The entries below are to be reproduced in full, exactly as written.

Items listed in a dataset:
·····

(* Let $I$ be a non-empty set. Then $\mathbb{M}_I(\mathbb{C})$ is Johnson pseudo-Connes amenable if and only if $I$ is finite.
   Context: $\mathbb{M}_I(\mathbb{C})$ is the Banach algebra of $I\times I$ complex matrices $[a_{i,j}]$ with finite norm $\sum_{i,j\in I}|a_{i,j}|$ (i.e. $\ell^1(I\times I)$) under matrix multiplication; it is a dual Banach algebra with predual $c_0(I\times I)$. A dual Banach algebra is a Banach algebra $\mathcal{A}$ with a closed $\mathcal{A}$-submodule $\mathcal{A}_*$ of $\mathcal{A}^*$ such that $\mathcal{A}=(\mathcal{A}_* )^*$. For a bimodule $E$, $\sigma wc(E)$ is the set of $x\in E$ for which $a\mapsto a\cdot x$, $a\mapsto x\cdot a$ are weak$^*$-weak continuous. $\mathcal{A}\hat{\otimes}\mathcal{A}$ has actions $a\cdot(b\otimes c)=ab\otimes c$, $(b\otimes c)\cdot a=b\otimes ca$; duals carry the dual actions. $\pi_{\mathcal{A}}$ is the multiplication map $\mathcal{A}\hat{\otimes}\mathcal{A}\to\mathcal{A}$, $i_{\mathcal{A}_*}:\mathcal{A}_*\hookrightarrow\mathcal{A}^*$ the canonical embedding. $\mathcal{A}$ is Johnson pseudo-Connes amenable if there is a (not necessarily bounded) net $(m_\alpha)$ in $(\mathcal{A}\hat{\otimes}\mathcal{A})^{**}$ with $\langle T,a\cdot m_\alpha\rangle=\langle T,m_\alpha\cdot a\rangle$ for all $a\in\mathcal{A}$, $T\in\sigma wc((\mathcal{A}\hat{\otimes}\mathcal{A})^* )$, $\alpha$, and $i_{\mathcal{A}_*}^*\pi_{\mathcal{A}}^{**}(m_\alpha)a\to a$ for every $a\in\mathcal{A}$. *)

theory Defs
  imports "HOL-Analysis.Analysis"
begin
lemma Cauchy_if_geometric_tail:
  fixes X :: "nat \<Rightarrow> 'a::real_normed_vector"
  assumes "x > 1" "\<And>m n. m \<le> n \<Longrightarrow> norm (X n - X m) \<le> E / x ^ m"
  shows "Cauchy X"
proof (rule CauchyI)
  fix e :: real assume "e > 0"
  have "(\<lambda>m. 2 * E / x ^ m) \<longlonglongrightarrow> 0" by (rule LIMSEQ_divide_realpow_zero[OF assms(1)])
  then obtain M where M: "2 * E / x ^ M < e"
    using order_tendstoD(2)[OF _ \<open>e > 0\<close>] by (metis eventually_sequentially order_refl)
  have "norm (X m - X n) < e" if "M \<le> m" "M \<le> n" for m n
  proof -
    have "norm (X m - X n) \<le> norm (X m - X M) + norm (X n - X M)"
      using norm_triangle_ineq4[of "X m - X M" "X n - X M"] by simp
    also have "\<dots> \<le> E / x ^ M + E / x ^ M" using assms(2) that by (intro add_mono)
    finally show ?thesis using M by simp
  qed
  then show "\<exists>M. \<forall>m\<ge>M. \<forall>n\<ge>M. norm (X m - X n) < e" by blast
qed

text \<open>The conditions on \<open>R\<close> and \<open>C\<close> make \<open>log_ratio\<close> the principal logarithm of a
  number within \<open>1/8\<close> of \<open>1\<close>, and give \<open>Re L \<ge> 2\<close> wherever \<open>|psi| > R\<close>.\<close>

locale poincare_log = poincare_function +
  fixes R C :: real and L :: "complex \<Rightarrow> complex"
  assumes escape_R: "escape_radius p R" and C: "C > 0"
    and lead_monom_approx: "\<And>u. R \<le> norm u \<Longrightarrow> norm (poly p u / (lead_coeff p * u ^ d) - 1) \<le> C / norm u"
    and R_ge_8C: "8 * C \<le> R" and ln_lead_root_R_ge_2: "2 \<le> ln (lead_root * R)"
    and L_holomorphic: "L holomorphic_on strip"
    and exp_L: "\<And>w. w \<in> strip \<Longrightarrow> exp (L w) = of_real lead_root * psi w"
    and L_real: "\<And>x. L (of_real x) \<in> \<real>"
begin

lemma R_pos: "R > 0"
  using escape_R by (rule escape_radiusD)

lemma d_gt_1: "real d > 1"
  using d2 by simp

definition log_ratio :: "complex \<Rightarrow> complex" where
  "log_ratio u = Ln (poly p u / (lead_coeff p * u ^ d))"

lemma lead_monom_ratio_close:
  assumes "R \<le> norm u"
  shows "norm (poly p u / (lead_coeff p * u ^ d) - 1) \<le> 1 / 8"
proof -
  have "C / norm u \<le> C / R" using assms C R_pos by (intro divide_left_mono mult_pos_pos) auto
  also have "\<dots> \<le> 1 / 8" using R_ge_8C R_pos by (simp add: field_simps)
  finally show ?thesis using lead_monom_approx[OF assms] by linarith
qed

lemma
  assumes "R \<le> norm u"
  shows exp_log_ratio: "exp (log_ratio u) = poly p u / (lead_coeff p * u ^ d)"
    and norm_log_ratio_le: "norm (log_ratio u) \<le> 2 * C / norm u"
    and lead_monom_ratio_Re_pos: "Re (poly p u / (lead_coeff p * u ^ d)) > 0"
proof -
  define q where "q = poly p u / (lead_coeff p * u ^ d)"
  have q1: "norm (q - 1) \<le> 1 / 8" unfolding q_def by (rule lead_monom_ratio_close[OF assms])
  then show "Re (poly p u / (lead_coeff p * u ^ d)) > 0"
    using abs_Re_le_cmod[of "q - 1"] by (simp add: q_def)
  then have "poly p u / (lead_coeff p * u ^ d) \<noteq> 0" by (metis zero_complex.sel(1) less_irrefl)
  then show "exp (log_ratio u) = poly p u / (lead_coeff p * u ^ d)"
    by (simp add: log_ratio_def)
  have "norm (Ln (1 + (q - 1))) \<le> 2 * norm (q - 1)" using q1 by (intro norm_Ln_le) auto
  also have "\<dots> \<le> 2 * C / norm u" using lead_monom_approx[OF assms] by (simp add: q_def)
  finally show "norm (log_ratio u) \<le> 2 * C / norm u" by (simp add: log_ratio_def q_def)
qed

lemma log_ratio_real:
  assumes "R \<le> t"
  shows "log_ratio (of_real t) \<in> \<real>"
proof -
  define q where "q = poly p (of_real t) / (lead_coeff p * of_real t ^ d)"
  have "poly p (of_real t) \<in> \<real>"
    using poly_cnj_real[of p "of_real t"] real_coeffs by (simp add: Reals_cnj_iff)
  then have "q = of_real (Re q)"
    using lead_coeff_real by (metis Reals_divide Reals_mult Reals_of_real Reals_power
        Re_complex_of_real Reals_cases q_def)
  moreover have "Re q > 0" using lead_monom_ratio_Re_pos[of "of_real t"] assms R_pos by (simp add: q_def)
  ultimately show ?thesis by (metis Ln_of_real Reals_of_real log_ratio_def q_def)
qed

·····

## Exercise response:
(* Let $I$ be a non-empty set. Then $\mathbb{M}_I(\mathbb{C})$ is Johnson pseudo-Connes amenable if and only if $I$ is finite.
   Context: $\mathbb{M}_I(\mathbb{C})$ is the Banach algebra of $I\times I$ complex matrices $[a_{i,j}]$ with finite norm $\sum_{i,j\in I}|a_{i,j}|$ (i.e. $\ell^1(I\times I)$) under matrix multiplication; it is a dual Banach algebra with predual $c_0(I\times I)$. A dual Banach algebra is a Banach algebra $\mathcal{A}$ with a closed $\mathcal{A}$-submodule $\mathcal{A}_*$ of $\mathcal{A}^*$ such that $\mathcal{A}=(\mathcal{A}_* )^*$. For a bimodule $E$, $\sigma wc(E)$ is the set of $x\in E$ for which $a\mapsto a\cdot x$, $a\mapsto x\cdot a$ are weak$^*$-weak continuous. $\mathcal{A}\hat{\otimes}\mathcal{A}$ has actions $a\cdot(b\otimes c)=ab\otimes c$, $(b\otimes c)\cdot a=b\otimes ca$; duals carry the dual actions. $\pi_{\mathcal{A}}$ is the multiplication map $\mathcal{A}\hat{\otimes}\mathcal{A}\to\mathcal{A}$, $i_{\mathcal{A}_*}:\mathcal{A}_*\hookrightarrow\mathcal{A}^*$ the canonical embedding. $\mathcal{A}$ is Johnson pseudo-Connes amenable if there is a (not necessarily bounded) net $(m_\alpha)$ in $(\mathcal{A}\hat{\otimes}\mathcal{A})^{**}$ with $\langle T,a\cdot m_\alpha\rangle=\langle T,m_\alpha\cdot a\rangle$ for all $a\in\mathcal{A}$, $T\in\sigma wc((\mathcal{A}\hat{\otimes}\mathcal{A})^* )$, $\alpha$, and $i_{\mathcal{A}_*}^*\pi_{\mathcal{A}}^{**}(m_\alpha)a\to a$ for every $a\in\mathcal{A}$. *)

theory Defs
  imports "HOL-Analysis.Analysis"
begin
lemma Cauchy_if_geometric_tail:
  fixes X :: "nat \<Rightarrow> 'a::real_normed_vector"
  assumes "x > 1" "\<And>m n. m \<le> n \<Longrightarrow> norm (X n - X m) \<le> E / x ^ m"
  shows "Cauchy X"
proof (rule CauchyI)
  fix e :: real assume "e > 0"
  have "(\<lambda>m. 2 * E / x ^ m) \<longlonglongrightarrow> 0" by (rule LIMSEQ_divide_realpow_zero[OF assms(1)])
  then obtain M where M: "2 * E / x ^ M < e"
    using order_tendstoD(2)[OF _ \<open>e > 0\<close>] by (metis eventually_sequentially order_refl)
  have "norm (X m - X n) < e" if "M \<le> m" "M \<le> n" for m n
  proof -
    have "norm (X m - X n) \<le> norm (X m - X M) + norm (X n - X M)"
      using norm_triangle_ineq4[of "X m - X M" "X n - X M"] by simp
    also have "\<dots> \<le> E / x ^ M + E / x ^ M" using assms(2) that by (intro add_mono)
    finally show ?thesis using M by simp
  qed
  then show "\<exists>M. \<forall>m\<ge>M. \<forall>n\<ge>M. norm (X m - X n) < e" by blast
qed

text \<open>The conditions on \<open>R\<close> and \<open>C\<close> make \<open>log_ratio\<close> the principal logarithm of a
  number within \<open>1/8\<close> of \<open>1\<close>, and give \<open>Re L \<ge> 2\<close> wherever \<open>|psi| > R\<close>.\<close>

locale poincare_log = poincare_function +
  fixes R C :: real and L :: "complex \<Rightarrow> complex"
  assumes escape_R: "escape_radius p R" and C: "C > 0"
    and lead_monom_approx: "\<And>u. R \<le> norm u \<Longrightarrow> norm (poly p u / (lead_coeff p * u ^ d) - 1) \<le> C / norm u"
    and R_ge_8C: "8 * C \<le> R" and ln_lead_root_R_ge_2: "2 \<le> ln (lead_root * R)"
    and L_holomorphic: "L holomorphic_on strip"
    and exp_L: "\<And>w. w \<in> strip \<Longrightarrow> exp (L w) = of_real lead_root * psi w"
    and L_real: "\<And>x. L (of_real x) \<in> \<real>"
begin

lemma R_pos: "R > 0"
  using escape_R by (rule escape_radiusD)

lemma d_gt_1: "real d > 1"
  using d2 by simp

definition log_ratio :: "complex \<Rightarrow> complex" where
  "log_ratio u = Ln (poly p u / (lead_coeff p * u ^ d))"

lemma lead_monom_ratio_close:
  assumes "R \<le> norm u"
  shows "norm (poly p u / (lead_coeff p * u ^ d) - 1) \<le> 1 / 8"
proof -
  have "C / norm u \<le> C / R" using assms C R_pos by (intro divide_left_mono mult_pos_pos) auto
  also have "\<dots> \<le> 1 / 8" using R_ge_8C R_pos by (simp add: field_simps)
  finally show ?thesis using lead_monom_approx[OF assms] by linarith
qed

lemma
  assumes "R \<le> norm u"
  shows exp_log_ratio: "exp (log_ratio u) = poly p u / (lead_coeff p * u ^ d)"
    and norm_log_ratio_le: "norm (log_ratio u) \<le> 2 * C / norm u"
    and lead_monom_ratio_Re_pos: "Re (poly p u / (lead_coeff p * u ^ d)) > 0"
proof -
  define q where "q = poly p u / (lead_coeff p * u ^ d)"
  have q1: "norm (q - 1) \<le> 1 / 8" unfolding q_def by (rule lead_monom_ratio_close[OF assms])
  then show "Re (poly p u / (lead_coeff p * u ^ d)) > 0"
    using abs_Re_le_cmod[of "q - 1"] by (simp add: q_def)
  then have "poly p u / (lead_coeff p * u ^ d) \<noteq> 0" by (metis zero_complex.sel(1) less_irrefl)
  then show "exp (log_ratio u) = poly p u / (lead_coeff p * u ^ d)"
    by (simp add: log_ratio_def)
  have "norm (Ln (1 + (q - 1))) \<le> 2 * norm (q - 1)" using q1 by (intro norm_Ln_le) auto
  also have "\<dots> \<le> 2 * C / norm u" using lead_monom_approx[OF assms] by (simp add: q_def)
  finally show "norm (log_ratio u) \<le> 2 * C / norm u" by (simp add: log_ratio_def q_def)
qed

lemma log_ratio_real:
  assumes "R \<le> t"
  shows "log_ratio (of_real t) \<in> \<real>"
proof -
  define q where "q = poly p (of_real t) / (lead_coeff p * of_real t ^ d)"
  have "poly p (of_real t) \<in> \<real>"
    using poly_cnj_real[of p "of_real t"] real_coeffs by (simp add: Reals_cnj_iff)
  then have "q = of_real (Re q)"
    using lead_coeff_real by (metis Reals_divide Reals_mult Reals_of_real Reals_power
        Re_complex_of_real Reals_cases q_def)
  moreover have "Re q > 0" using lead_monom_ratio_Re_pos[of "of_real t"] assms R_pos by (simp add: q_def)
  ultimately show ?thesis by (metis Ln_of_real Reals_of_real log_ratio_def q_def)
qed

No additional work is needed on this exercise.